Lovejoy appeared to suffer from what is now called depression, as at one point he contemplated suicide as a young man.[5] He felt alone, as he was brought up in a simple atmosphere that stressed religion as the most important aspect of life. Outside his home, the world was more complex, and he felt alienated by the many who did not share his religious beliefs.[4]
In September 1826, Lovejoy graduated from Waterville College with first class honors[6] at the top of his class.[7] During the winter and spring, he taught at China Academy. Dissatisfied with daily teaching, Lovejoy thought about moving to the South or Western United States. His former teachers at Waterville College advised him that he would best serve God in the West.[8] Agreeing, Lovejoy in May 1827 moved to Boston to earn money for his journey, having settled on Illinois as his destination.[9] Unsuccessful at finding work, he started to Illinois by foot.

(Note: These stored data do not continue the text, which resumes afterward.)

lemma complete_in_append_new_vertex:
  assumes v: "v \<notin> gverts Cs" and T: "complete_in Cs T"
  shows "complete_in (Cs @ [T \<union> {v}]) K \<longleftrightarrow>
           (v \<notin> K \<and> complete_in Cs K) \<or> (v \<in> K \<and> K \<subseteq> T \<union> {v})"
proof (cases "v \<in> K")
  case True
  have "K \<subseteq> T \<union> {v}" if "complete_in (Cs @ [T \<union> {v}]) K"
    using that True v unfolding complete_in_def gadj_append by (blast dest: gadj_in_gverts)
  then show ?thesis
    using True T unfolding complete_in_def gverts_append gadj_append by blast
next
  case False
  then show ?thesis
    using T unfolding complete_in_def gverts_append gadj_append by blast
qed

lemma is_clique_subset_complete: "is_clique Cs K \<Longrightarrow> complete_in Cs C \<Longrightarrow> K \<subseteq> C \<Longrightarrow> C = K"
  unfolding is_clique_def by blast

lemma is_clique_append_new_vertex:
  assumes v: "v \<notin> gverts Cs" and T: "complete_in Cs T"
  shows "is_clique (Cs @ [T \<union> {v}]) K \<longleftrightarrow> K = T \<union> {v} \<or> (is_clique Cs K \<and> \<not> K \<subseteq> T)"
    (is "is_clique ?Cs' K \<longleftrightarrow> _")
proof
  note complete' = complete_in_append_new_vertex[OF v T]
  have fresh: "v \<notin> K'" if "complete_in Cs K'" for K'
    using that v unfolding complete_in_def by blast
  show "is_clique ?Cs' K" if "K = T \<union> {v} \<or> (is_clique Cs K \<and> \<not> K \<subseteq> T)"
    using that
  proof
    assume "K = T \<union> {v}"
    then show ?thesis using complete' unfolding is_clique_def by blast
  next
    assume K: "is_clique Cs K \<and> \<not> K \<subseteq> T"
    then have "v \<notin> K" using fresh unfolding is_clique_def by blast
    then show ?thesis using K complete' unfolding is_clique_def by blast
  qed
  show "K = T \<union> {v} \<or> (is_clique Cs K \<and> \<not> K \<subseteq> T)" if K: "is_clique ?Cs' K"
  proof (cases "v \<in> K")
    case True
    then show ?thesis using K complete' unfolding is_clique_def by blast
  next
    case False
    then have "is_clique Cs K" using K fresh complete' unfolding is_clique_def by blast
    moreover have "\<not> K \<subseteq> T"
    proof
      assume "K \<subseteq> T"
      then have "complete_in ?Cs' (insert v K)" using complete' by blast
      then show False using K False unfolding is_clique_def by blast
    qed
    ultimately show ?thesis by blast
  qed
qed
lemma last_block_bounds:
  shows "i < block_start (k + q)" and "block_start (k + q) < i + p"
    and "i + p < block_start (Suc (k + q))"
proof -
  note mono = strict_mono_block_start
  have "Suc k \<le> k + q" using q_pos by simp
  then show "i < block_start (k + q)"
    using next_block_bounds(1) by (meson le_less_trans strict_mono_less_eq[OF mono] less_le_trans)
  show "i + p < block_start (Suc (k + q))" using next_block_bounds by simp
  have "i \<notin> range block_start"
    using range_strict_mono_between[OF mono, of k i] i \<open>0 < j\<close> j by (simp add: block_start_Suc)
  then have not_start: "i + p \<notin> range block_start" using square_block_start_shift[of i] by simp
  show "block_start (k + q) < i + p"
  proof (rule ccontr)
    assume "\<not> block_start (k + q) < i + p"
    then have "i + p < block_start (k + q)" using not_start by (metis linorder_neqE_nat rangeI not_less)
    define n where "n = block_start (k + q) - p"
    have "block_start (k + q) < block_start (Suc k + q)"
      by (simp add: strict_mono_less[OF mono])
    then have "i \<le> n" and "n \<le> i + p"
      using \<open>i + p < block_start (k + q)\<close> next_block_bounds unfolding n_def by simp_all
    moreover have "n + p \<in> range block_start" using \<open>i + p < block_start (k + q)\<close> by (simp add: n_def)
    ultimately obtain k' where k': "n = block_start k'" using square_block_start_shift by blast
    then have "block_start (k' + q) = block_start (k + q)"
      using shift[of k'] \<open>i \<le> n\<close> \<open>n \<le> i + p\<close> \<open>i + p < block_start (k + q)\<close> by (simp add: n_def)
    then have "k' = k" using strict_mono_eq[OF mono] by simp
    then show False using k' \<open>i \<le> n\<close> i \<open>0 < j\<close> by simp
  qed
qed

lemma last_block_shift: "block_start (k + q + q) = block_start (k + q) + p"
  using last_block_bounds(1,2) by (intro shift) simp_all

lemma last_block_head_le: "i + p - block_start (k + q) \<le> length (eta (vtm (k + q + q)))"
proof (rule ccontr)
  note bounds = last_block_bounds
  assume long_head: "\<not> ?thesis"
  define n where "n = block_start (k + q) + length (eta (vtm (k + q + q)))"
  have "n + p = block_start (Suc (k + q + q))"
    using last_block_shift block_start_Suc[of "k + q + q"] by (simp add: n_def)
  moreover have "i \<le> n" and "n \<le> i + p" using bounds(1,2) long_head by (simp_all add: n_def)
  ultimately have "n \<in> range block_start" using square_block_start_shift by simp
  moreover have "block_start (k + q) < n" and "n < block_start (Suc (k + q))"
    using eta_nonempty[of "vtm (k + q + q)"] bounds(3) \<open>n \<le> i + p\<close> by (simp_all add: n_def)
  ultimately show False
    using range_strict_mono_between[OF strict_mono_block_start, of "k + q" n] by simp
qed

lemma prefix_last_block:
  "prefix (take (i + p - block_start (k + q)) (eta (vtm (k + q)))) (eta (vtm (k + q + q)))"
proof -
  define m where "m = i + p - block_start (k + q)"
  have m_less: "m < length (eta (vtm (k + q)))"
    using last_block_bounds(2,3) block_start_Suc[of "k + q"] by (simp add: m_def)
  have m_le: "m \<le> length (eta (vtm (k + q + q)))"
    using last_block_head_le by (simp add: m_def)
  have "take m (eta (vtm (k + q))) = take m (eta (vtm (k + q + q)))"
  proof (rule nth_equalityI)
    show "length (take m (eta (vtm (k + q)))) = length (take m (eta (vtm (k + q + q))))"
      using m_less m_le by simp
    fix e
    assume "e < length (take m (eta (vtm (k + q))))"
    then have "e < m" by simp
    have "eta (vtm (k + q)) ! e = eta_vtm (block_start (k + q) + e)"
      using \<open>e < m\<close> m_less by (simp add: eta_vtm_block)
    also have "\<dots> = eta_vtm (block_start (k + q) + e + p)"
      using square_shift_letter[of "block_start (k + q) + e"] last_block_bounds(1) \<open>e < m\<close>
      by (simp add: m_def)
    also have "\<dots> = eta (vtm (k + q + q)) ! e"
      using last_block_shift \<open>e < m\<close> m_le eta_vtm_block[of e "k + q + q"] by (simp add: ac_simps)
    finally show "take m (eta (vtm (k + q))) ! e = take m (eta (vtm (k + q + q))) ! e"
      using \<open>e < m\<close> by simp
  qed
  then show ?thesis unfolding m_def[symmetric] by (metis take_is_prefix)
qed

He stopped in New York City in mid-June, to try to find work. He eventually landed a position with the Saturday Evening Gazette as a newspaper subscription peddler. For nearly five weeks, he walked up and down streets, knocking on peoples' doors and wheedling passersby, in hopes of getting them to subscribe to the newspaper.[10] Struggling with his finances, he wrote to Reverend Jeremiah Chaplin, the president of Waterville College, explaining his situation. Chaplin sent the money that his former student so needed.[10] Lovejoy promptly embarked on his journey to Illinois, reaching Hillsboro, Montgomery County in the fall of 1827. Lovejoy did not think he could do well in Illinois's scantly settled land, so he headed for St. Louis.[11]
There he quickly established himself as the editor of the anti-Jacksonian newspaper, the St. Louis Observer, and as the headmaster of a coeducational private school. In 1832, influenced by the Christian revivalist movement led by abolitionist David Nelson, he decided to become a preacher.[12] He returned East to study at the Princeton Theological Seminary, and upon completion, went to Philadelphia, where he became an ordained minister of the Presbyterian Church in April 1833. Upon returning to St. Louis, he set up a Presbyterian church and renewed his work as editor of the St. Louis Observer.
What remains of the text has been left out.